**Your goal**.
The required output is the exact sequence of lines from the line holding "by (meson not_le sum_nonpos)" to the end of the records, inclusive.

**Data records**.
lemma gain_sum_reds_apart:
  assumes P: "outcome P" and "R2 \<notin> room P R1" "R3 \<notin> room P R1" "R3 \<notin> room P R2"
  shows "0 < (\<Sum>a\<in>UNIV. gain a (room_frac P a))"
proof -
  have "R1 \<notin> room P R2" "R1 \<notin> room P R3" "R2 \<notin> room P R3"
    using assms room_sym[OF P] by blast+
  then have single_red: "room P r \<inter> Red = {r}" if "r \<in> Red" for r
    using that assms in_own_room[OF P] by (auto simp: Red_def)
  have "room P R1 \<noteq> room P R2" "room P R3 \<noteq> room P R1" "room P R3 \<noteq> room P R2"
    using assms in_own_room[OF P] by metis+
  then have "room P R3 = - (room P R1 \<union> room P R2)"
    using outcome_three_rooms[OF P room_in_outcome[OF P] room_in_outcome[OF P]]
      room_in_outcome[OF P, of R3] by blast
  then have "\<exists>r\<in>Red. a \<in> room P r" for a
    by (auto simp: Red_def)
  then have "room_frac P a = 1/3" for a
    using room_frac_red_room[OF P] single_red by fastforce
  then show ?thesis
    by (simp add: UNIV_agent gain_fixed gain_mobile Dminus_def)
qed

lemma red_gain_pair:
  assumes "r \<in> Red"
  shows "(\<Sum>a\<in>Red. gain a (if a = r then 1/3 else 2/3)) = (if r = R1 then 0 else 24)"
  using assms by (auto simp: Red_def gain_fixed Dminus_def)

lemma blue_gain_pair:
  assumes "{y, u, v} \<subseteq> Blue" "distinct [y, u, v]"
  defines "S \<equiv> \<Sum>b\<in>Blue. gain b (if b = y then 2/3 else if b \<in> {u, v} then 1/3 else 0)"
  shows "0 < S \<or> (S = 0 \<and> {y, u, v} \<subseteq> {B1, B2, B3, B4})"
  using assms(1,2) unfolding S_def
  by (cases y; cases u; cases v) (simp_all add: Blue_def gain_fixed gain_mobile Dminus_def)

lemma top_type_of_rooms:
  assumes P: "outcome P" and rooms: "{R1, u, v} \<in> P" "{R2, R3, y} \<in> P"
    and blue: "{u, v, y} \<subseteq> {B1, B2, B3, B4}"
  shows "top_type P"
proof -
  let ?A = "{R1, u, v}" and ?B = "{R2, R3, y}"
  have "?A \<noteq> ?B"
    using blue by auto
  then have P_eq: "P = {?A, ?B, - (?A \<union> ?B)}"
    using outcome_three_rooms[OF P rooms] by simp
  have "card ?A = 3"
    using P rooms(1) by (simp add: outcome_def room_size_def)
  then have "u \<noteq> v"
    by (cases "u = v") (auto simp: card_insert_if split: if_splits)
  moreover have "y \<notin> ?A"
    using room_eq[OF P rooms(1), of y] room_eq[OF P rooms(2), of y] \<open>?A \<noteq> ?B\<close> by auto
  then have "y \<noteq> u" "y \<noteq> v"
    by auto
  ultimately have "card {u, v, y} = 3"
    by simp
  then have "card ({B1, B2, B3, B4} - {u, v, y}) = 1"
    using blue by (simp add: card_Diff_subset)
  then obtain w where w: "{B1, B2, B3, B4} - {u, v, y} = {w}"
    by (rule card_1_singletonE)
  then have blue_eq: "{u, v, y, w} = {B1, B2, B3, B4}" and "w \<notin> {u, v, y}"
    using blue by auto
  then have "distinct [u, v, y, w]"
    using \<open>u \<noteq> v\<close> \<open>y \<noteq> u\<close> \<open>y \<noteq> v\<close> by auto
  have "- (?A \<union> ?B) = {B5, B6, w}"
  proof (rule set_eqI)
    fix x
    show "x \<in> - (?A \<union> ?B) \<longleftrightarrow> x \<in> {B5, B6, w}"
      using blue_eq \<open>distinct [u, v, y, w]\<close> by (cases x) auto
  qed
  then have "P = {{R1, u, v}, {R2, R3, y}, {B5, B6, w}}"
    using P_eq by simp
  then show ?thesis
    unfolding top_type_def using blue_eq \<open>distinct [u, v, y, w]\<close> by blast
qed

lemma room_frac_red_pair:
  assumes P: "outcome P" and reds: "Red = {r, r', r''}" "distinct [r, r', r'']"
    and pair: "r' \<in> room P r" "r'' \<notin> room P r"
  shows "room_frac P a =
    (if a \<in> room P r then 2/3 else if a \<in> room P r'' then 1/3 else 0)"
proof -
  have "r \<notin> room P r''" "r' \<notin> room P r''"
    using pair room_sym[OF P] room_eq_room[OF P] by metis+
  then have "room P r'' \<inter> Red = {r''}"
    using in_own_room[OF P] unfolding reds by auto
  moreover have "room P r \<inter> Red = {r, r'}"
    using pair in_own_room[OF P] unfolding reds by auto
  moreover have "\<forall>x\<in>Red. a \<notin> room P x" if "a \<notin> room P r" "a \<notin> room P r''"
    using that room_eq_room[OF P pair(1)] unfolding reds by auto
  ultimately show ?thesis
    using room_frac_red_room[OF P, of a r] room_frac_red_room[OF P, of a r'']
      room_frac_eq_zero[OF P, of a] reds(2)
    by auto
qed

lemma red_pair_roomsE:
  assumes P: "outcome P" and reds: "Red = {r, r', r''}" "distinct [r, r', r'']"
    and pair: "r' \<in> room P r" "r'' \<notin> room P r"
  obtains y u v where "room P r = {r, r', y}" "room P r'' = {r'', u, v}"
    "{y, u, v} \<subseteq> Blue" "distinct [y, u, v]"
proof -
  obtain y where A: "room P r = {r, r', y}" "distinct [r, r', y]"
    using card_3_two_elemsE[OF card_room[OF P] in_own_room[OF P] pair(1)] reds(2) by auto
  obtain u v where B: "room P r'' = {r'', u, v}" "distinct [r'', u, v]"
    using card_3_elemE[OF card_room[OF P] in_own_room[OF P]] by blast
  have in_r: "r \<in> room P r" "r' \<in> room P r" "y \<in> room P r"
    using A(1) by auto
  have "u \<in> room P r''" "v \<in> room P r''"
    using B(1) by auto
  then have not_in_r: "u \<notin> room P r" "v \<notin> room P r"
    using room_disjoint[OF P pair(2)] by auto
  have "y \<notin> Red"
    using A(2) in_r(3) pair(2) unfolding reds by auto
  moreover have "u \<notin> Red" "v \<notin> Red"
    using B(2) not_in_r in_r(1,2) unfolding reds by auto
  ultimately have "{y, u, v} \<subseteq> Blue"
    using UNIV_eq_Red_Un_Blue by blast
  moreover have "distinct [y, u, v]"
    using B(2) not_in_r in_r(3) by auto
  ultimately show ?thesis
    using A(1) B(1) that by blast
qed

lemma gain_sum_red_pair:
  assumes P: "outcome P" and reds: "Red = {r, r', r''}" "distinct [r, r', r'']"
    and pair: "r' \<in> room P r" "r'' \<notin> room P r"
  shows "0 < (\<Sum>a\<in>UNIV. gain a (room_frac P a)) \<or> top_type P"
proof -
  obtain y u v where A: "room P r = {r, r', y}" and B: "room P r'' = {r'', u, v}"
    and blue: "{y, u, v} \<subseteq> Blue" and yuv: "distinct [y, u, v]"
    using red_pair_roomsE[OF assms] .
  note frac = room_frac_red_pair[OF assms]
  have "r'' \<in> Red" "r \<notin> Blue" "r' \<notin> Blue" "r'' \<notin> Blue"
    using Red_Int_Blue unfolding reds by auto
  have "(\<Sum>a\<in>UNIV. gain a (room_frac P a)) =
      (\<Sum>a\<in>Red. gain a (room_frac P a)) + (\<Sum>b\<in>Blue. gain b (room_frac P b))"
    unfolding UNIV_eq_Red_Un_Blue by (rule sum.union_disjoint) (simp_all add: Red_Int_Blue)
  also have "(\<Sum>a\<in>Red. gain a (room_frac P a)) =
      (\<Sum>a\<in>Red. gain a (if a = r'' then 1/3 else 2/3))"
    by (intro sum.cong refl) (use pair in_own_room[OF P] in \<open>auto simp: frac reds\<close>)
  also have "(\<Sum>b\<in>Blue. gain b (room_frac P b)) =
      (\<Sum>b\<in>Blue. gain b (if b = y then 2/3 else if b \<in> {u, v} then 1/3 else 0))"
    by (intro sum.cong refl) (use \<open>r \<notin> Blue\<close> \<open>r' \<notin> Blue\<close> \<open>r'' \<notin> Blue\<close> in
        \<open>auto simp: frac A B\<close>)
  finally have total: "(\<Sum>a\<in>UNIV. gain a (room_frac P a)) =
      (if r'' = R1 then 0 else 24) +
      (\<Sum>b\<in>Blue. gain b (if b = y then 2/3 else if b \<in> {u, v} then 1/3 else 0))"
    using red_gain_pair[OF \<open>r'' \<in> Red\<close>] by simp
  show ?thesis
  proof (cases "r'' = R1 \<and> {y, u, v} \<subseteq> {B1, B2, B3, B4}")
    case True
    have "room P r = {r, r'} \<union> {y}"
      using A by auto
    also have "{r, r'} = {R2, R3}"
      using reds True by (auto simp: Red_def)
    finally have "room P r = {R2, R3, y}"
      by auto
    then have "{R2, R3, y} \<in> P"
      using room_in_outcome[OF P, of r] by simp
    moreover have "{R1, u, v} \<in> P"
      using room_in_outcome[OF P, of r''] B True by simp
    ultimately show ?thesis
      using top_type_of_rooms[OF P] True by auto
  next
    case False
    then show ?thesis
      using total blue_gain_pair[OF blue yuv] by auto
  qed
qed

lemma gain_sum_pos:
  assumes P: "outcome P" and "\<not> top_type P"
  shows "0 < (\<Sum>a\<in>UNIV. gain a (room_frac P a))"
proof -
  consider "R2 \<in> room P R1" "R3 \<in> room P R1"
    | "R2 \<in> room P R1" "R3 \<notin> room P R1"
    | "R3 \<in> room P R1" "R2 \<notin> room P R1"
    | "R3 \<in> room P R2" "R1 \<notin> room P R2"
    | "R2 \<notin> room P R1" "R3 \<notin> room P R1" "R3 \<notin> room P R2"
    using room_sym[OF P] by blast
  then show ?thesis
  proof cases
    case 1
    then show ?thesis using gain_sum_reds_together[OF P] by blast
  next
    case 2
    then show ?thesis using gain_sum_red_pair[OF P, of R1 R2 R3] assms(2) by (simp add: Red_def)
  next
    case 3
    then show ?thesis
      using gain_sum_red_pair[OF P, of R1 R3 R2] assms(2) by (simp add: Red_def insert_commute)
  next
    case 4
    then show ?thesis
      using gain_sum_red_pair[OF P, of R2 R3 R1] assms(2) by (simp add: Red_def insert_commute)
  next
    case 5
    then show ?thesis using gain_sum_reds_apart[OF P] by blast
  qed
qed

theorem mainTheorem8:
  assumes "outcome P" and "\<not> top_type P"
  shows "\<exists>P'. outcome P' \<and> top_type P' \<and> phi P' P > 0"
proof -
  have "0 < (\<Sum>e\<in>set top_enumerations. phi (top_outcome e) P)"
    using gain_sum_pos[OF assms] by (simp add: sum_phi_top_outcomes)
  then obtain e where "e \<in> set top_enumerations" "0 < phi (top_outcome e) P"
    by (meson not_le sum_nonpos)
  then show ?thesis
    using blue_enumeration_top_enumerations outcome_top_outcome top_type_top_outcome by blast
qed

end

**Reply**.
    by (meson not_le sum_nonpos)
  then show ?thesis
    using blue_enumeration_top_enumerations outcome_top_outcome top_type_top_outcome by blast
qed

end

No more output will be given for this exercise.